• Information shown:
lemma kernel_pair_rel:
  assumes f: "hom C f P Q"
  obtains K where "rel2 C K P P"
    "\<And>W a b. mem2 W (a, b) K \<longleftrightarrow> hom C a W P \<and> hom C b W P \<and> f \<cdot> a = f \<cdot> b"
proof -
  obtain k1 k2 where kp: "is_pullback C f f k1 k2" using pullback_exists[OF f f] .
  note D = pullbackD[OF kp]
  have dom: "Dom C f = P" using f homD by blast
  have k: "hom C k1 (Dom C k1) P" "hom C k2 (Dom C k1) P" using D(1,2) dom by simp_all
  show ?thesis
  proof (rule that[of "(k1, k2)"])
    show "rel2 C (k1, k2) P P" unfolding rel2_iff using k pullback_uniq[OF kp] by blast
  next
    fix W a b
    show "mem2 W (a, b) (k1, k2) \<longleftrightarrow> hom C a W P \<and> hom C b W P \<and> f \<cdot> a = f \<cdot> b"
    proof
      assume "mem2 W (a, b) (k1, k2)"
      then obtain u where u: "hom C u W (Dom C k1)" "k1 \<cdot> u = a" "k2 \<cdot> u = b" unfolding mem2_iff by blast
      then show "hom C a W P \<and> hom C b W P \<and> f \<cdot> a = f \<cdot> b"
        using comp_eq_precomp[OF D(3) u(1) k(1) f k(2) f] comp_hom[OF u(1) k(1)] comp_hom[OF u(1) k(2)]
        by simp
    next
      assume "hom C a W P \<and> hom C b W P \<and> f \<cdot> a = f \<cdot> b"
      then show "mem2 W (a, b) (k1, k2)" unfolding mem2_iff using pullback_lift[OF kp] dom by metis
    qed
  qed
qed

lemma rel2_common_witnesses:
  assumes A: "rel2 C (a1, a2) X Y" and B: "rel2 C (b1, b2) X Y"
  obtains qa qb where "hom C qa (Dom C qa) (Dom C a1)" "hom C qb (Dom C qa) (Dom C b1)"
    "b1 \<cdot> qb = a1 \<cdot> qa" "b2 \<cdot> qb = a2 \<cdot> qa"
    "\<And>W u v. hom C u W (Dom C a1) \<Longrightarrow> hom C v W (Dom C b1) \<Longrightarrow> a1 \<cdot> u = b1 \<cdot> v \<Longrightarrow> a2 \<cdot> u = b2 \<cdot> v \<Longrightarrow>
       \<exists>k. hom C k W (Dom C qa) \<and> qa \<cdot> k = u"
proof -
  note a = rel2_homs[OF A] and b = rel2_homs[OF B]
  obtain p1 p2 where Pr: "rel2 C (p1, p2) X Y"
    and pair: "\<And>W u v. hom C u W X \<Longrightarrow> hom C v W Y \<Longrightarrow> \<exists>h. hom C h W (Dom C p1) \<and> p1 \<cdot> h = u \<and> p2 \<cdot> h = v"
    by (rule product_exists[OF rel2_objs[OF A]]) (rule that)
  note p = rel2_homs[OF Pr]
  obtain hA where hA: "hom C hA (Dom C a1) (Dom C p1)" "p1 \<cdot> hA = a1" "p2 \<cdot> hA = a2" using pair[OF a] by blast
  obtain hB where hB: "hom C hB (Dom C b1) (Dom C p1)" "p1 \<cdot> hB = b1" "p2 \<cdot> hB = b2" using pair[OF b] by blast
  obtain qa qb where pb: "is_pullback C hA hB qa qb" using pullback_exists[OF hA(1) hB(1)] .
  have qa: "hom C qa (Dom C qa) (Dom C a1)" and qb: "hom C qb (Dom C qa) (Dom C b1)"
    using pullbackD(1,2)[OF pb] hA(1) hB(1) homD by metis+
  show ?thesis
  proof (rule that[OF qa qb])
    show "b1 \<cdot> qb = a1 \<cdot> qa" "b2 \<cdot> qb = a2 \<cdot> qa"
      using pullbackD(3)[OF pb] comp_assoc[OF qa hA(1)] comp_assoc[OF qb hB(1)] p hA(2,3) hB(2,3) by metis+
  next
    fix W u v assume u: "hom C u W (Dom C a1)" and v: "hom C v W (Dom C b1)"
      and "a1 \<cdot> u = b1 \<cdot> v" "a2 \<cdot> u = b2 \<cdot> v"
    then have "hA \<cdot> u = hB \<cdot> v"
      using Pr comp_hom[OF u hA(1)] comp_hom[OF v hB(1)] comp_assoc[OF u hA(1)] comp_assoc[OF v hB(1)]
        p hA(2,3) hB(2,3) unfolding rel2_iff by metis
    then show "\<exists>k. hom C k W (Dom C qa) \<and> qa \<cdot> k = u"
      using pullback_lift[OF pb] u v hA(1) hB(1) homD by metis
  qed
qed

lemma rel_intersection:
  assumes A: "rel2 C A X Y" and B: "rel2 C B X Y"
  obtains N where "rel2 C N X Y" "\<And>W x y. mem2 W (x, y) N \<longleftrightarrow> mem2 W (x, y) A \<and> mem2 W (x, y) B"
proof -
  obtain a1 a2 b1 b2 where AB: "A = (a1, a2)" "B = (b1, b2)" by fastforce
  note a = rel2_homs[OF A[unfolded AB(1)]] and b = rel2_homs[OF B[unfolded AB(2)]]
  obtain qa qb where qa: "hom C qa (Dom C qa) (Dom C a1)" and qb: "hom C qb (Dom C qa) (Dom C b1)"
    and legs: "b1 \<cdot> qb = a1 \<cdot> qa" "b2 \<cdot> qb = a2 \<cdot> qa"
    and lift: "\<And>W u v. hom C u W (Dom C a1) \<Longrightarrow> hom C v W (Dom C b1) \<Longrightarrow> a1 \<cdot> u = b1 \<cdot> v \<Longrightarrow>
       a2 \<cdot> u = b2 \<cdot> v \<Longrightarrow> \<exists>k. hom C k W (Dom C qa) \<and> qa \<cdot> k = u"
    by (rule rel2_common_witnesses[OF A[unfolded AB(1)] B[unfolded AB(2)]]) (rule that)
  obtain N where N: "rel2 C N X Y"
    and intro: "\<And>W t. hom C t W (Dom C qa) \<Longrightarrow> mem2 W ((a1 \<cdot> qa) \<cdot> t, (a2 \<cdot> qa) \<cdot> t) N"
    and cover: "\<And>W x y. mem2 W (x, y) N \<Longrightarrow> \<exists>W' e t. hom C e W' W \<and> regular_epi C e \<and>
       hom C t W' (Dom C qa) \<and> (a1 \<cdot> qa) \<cdot> t = x \<cdot> e \<and> (a2 \<cdot> qa) \<cdot> t = y \<cdot> e"
    by (rule image_rel2[OF comp_hom[OF qa a(1)] comp_hom[OF qa a(2)]]) (rule that)
  have "mem2 W (x, y) N \<longleftrightarrow> mem2 W (x, y) A \<and> mem2 W (x, y) B" for W x y
  proof
    assume m: "mem2 W (x, y) N"
    obtain W' e t where e: "hom C e W' W" "regular_epi C e" "hom C t W' (Dom C qa)"
      and "(a1 \<cdot> qa) \<cdot> t = x \<cdot> e" "(a2 \<cdot> qa) \<cdot> t = y \<cdot> e"
      using cover[OF m] by blast
    then have "mem2 W' (x \<cdot> e, y \<cdot> e) A" "mem2 W' (x \<cdot> e, y \<cdot> e) B"
      unfolding AB mem2_iff using comp_hom[OF e(3) qa] comp_hom[OF e(3) qb] legs
        comp_assoc[OF e(3) qa a(1)] comp_assoc[OF e(3) qa a(2)]
        comp_assoc[OF e(3) qb b(1)] comp_assoc[OF e(3) qb b(2)] by metis+
    then show "mem2 W (x, y) A \<and> mem2 W (x, y) B"
      using mem2_descend[OF A e(2,1)] mem2_descend[OF B e(2,1)] mem2_homs[OF N m] by blast
  next
    assume "mem2 W (x, y) A \<and> mem2 W (x, y) B"
    then obtain u v where u: "hom C u W (Dom C a1)" "a1 \<cdot> u = x" "a2 \<cdot> u = y"
      and v: "hom C v W (Dom C b1)" "b1 \<cdot> v = x" "b2 \<cdot> v = y" unfolding AB mem2_iff by blast
    then obtain k where k: "hom C k W (Dom C qa)" "qa \<cdot> k = u" using lift by metis
    then show "mem2 W (x, y) N" using intro[OF k(1)] comp_assoc[OF k(1) qa] a u(2,3) by metis
  qed
  with N show ?thesis by (rule that)
qed
(* Let $P$ and $Q$ be lattice paths from $(0,0)$ to $(m,r)$ with $P$ never going above $Q$ such that the region bounded by $P$ and $Q$ is a border strip. Then the number of facets of the lattice path matroid polytope $\mathcal{P}(M[P,Q])$ is $m+r+d$, where $d$ is the number of outside corners of the region $[P,Q]$.
   Context: Lattice paths use steps $E=(1,0)$, $N=(0,1)$. For $P,Q$ from $(0,0)$ to $(m,r)$ with $P$ never above $Q$, $M[P,Q]$ is the matroid on $[m+r]$ whose bases are the $r$-subsets $B$ such that the lattice path with North steps exactly at positions in $B$ stays in the region between $P$ and $Q$; $\mathcal{P}(M[P,Q])=\mathrm{conv}\{\sum_{b\in B}e_b: B\text{ a basis}\}\subseteq\mathbb{R}^{m+r}$. A border strip is a connected nonempty skew shape containing no $2\times 2$ square. An outside corner of $[P,Q]$ is a lattice point which is a corner $NE$ (North step followed by East step) on $P$ or a corner $EN$ (East step followed by North step) on $Q$.
   Formalization: The paths P and Q are also required to meet only at (0,0) and (m,r): after each k-th step with 0 < k < m+r, P lies strictly below Q. The paper assumes this as well. *)

theory Defs
  imports "HOL-Analysis.Analysis"
begin

text \<open>Lattice paths are encoded as bool lists: True = North step N=(0,1),
  False = East step E=(1,0). Steps are numbered 1,...,length from the start.\<close>

definition lattice_path :: "nat \<Rightarrow> nat \<Rightarrow> bool list \<Rightarrow> bool" where
  "lattice_path m r P \<longleftrightarrow> length P = m + r \<and> length (filter id P) = r"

• What you are asked to do:
The word to find is "have". Copy every line of the data that holds it.

• Exercise result:
  have dom: "Dom C f = P" using f homD by blast
  have k: "hom C k1 (Dom C k1) P" "hom C k2 (Dom C k1) P" using D(1,2) dom by simp_all
  have qa: "hom C qa (Dom C qa) (Dom C a1)" and qb: "hom C qb (Dom C qa) (Dom C b1)"
    then have "hA \<cdot> u = hB \<cdot> v"
  have "mem2 W (x, y) N \<longleftrightarrow> mem2 W (x, y) A \<and> mem2 W (x, y) B" for W x y
    then have "mem2 W' (x \<cdot> e, y \<cdot> e) A" "mem2 W' (x \<cdot> e, y \<cdot> e) B"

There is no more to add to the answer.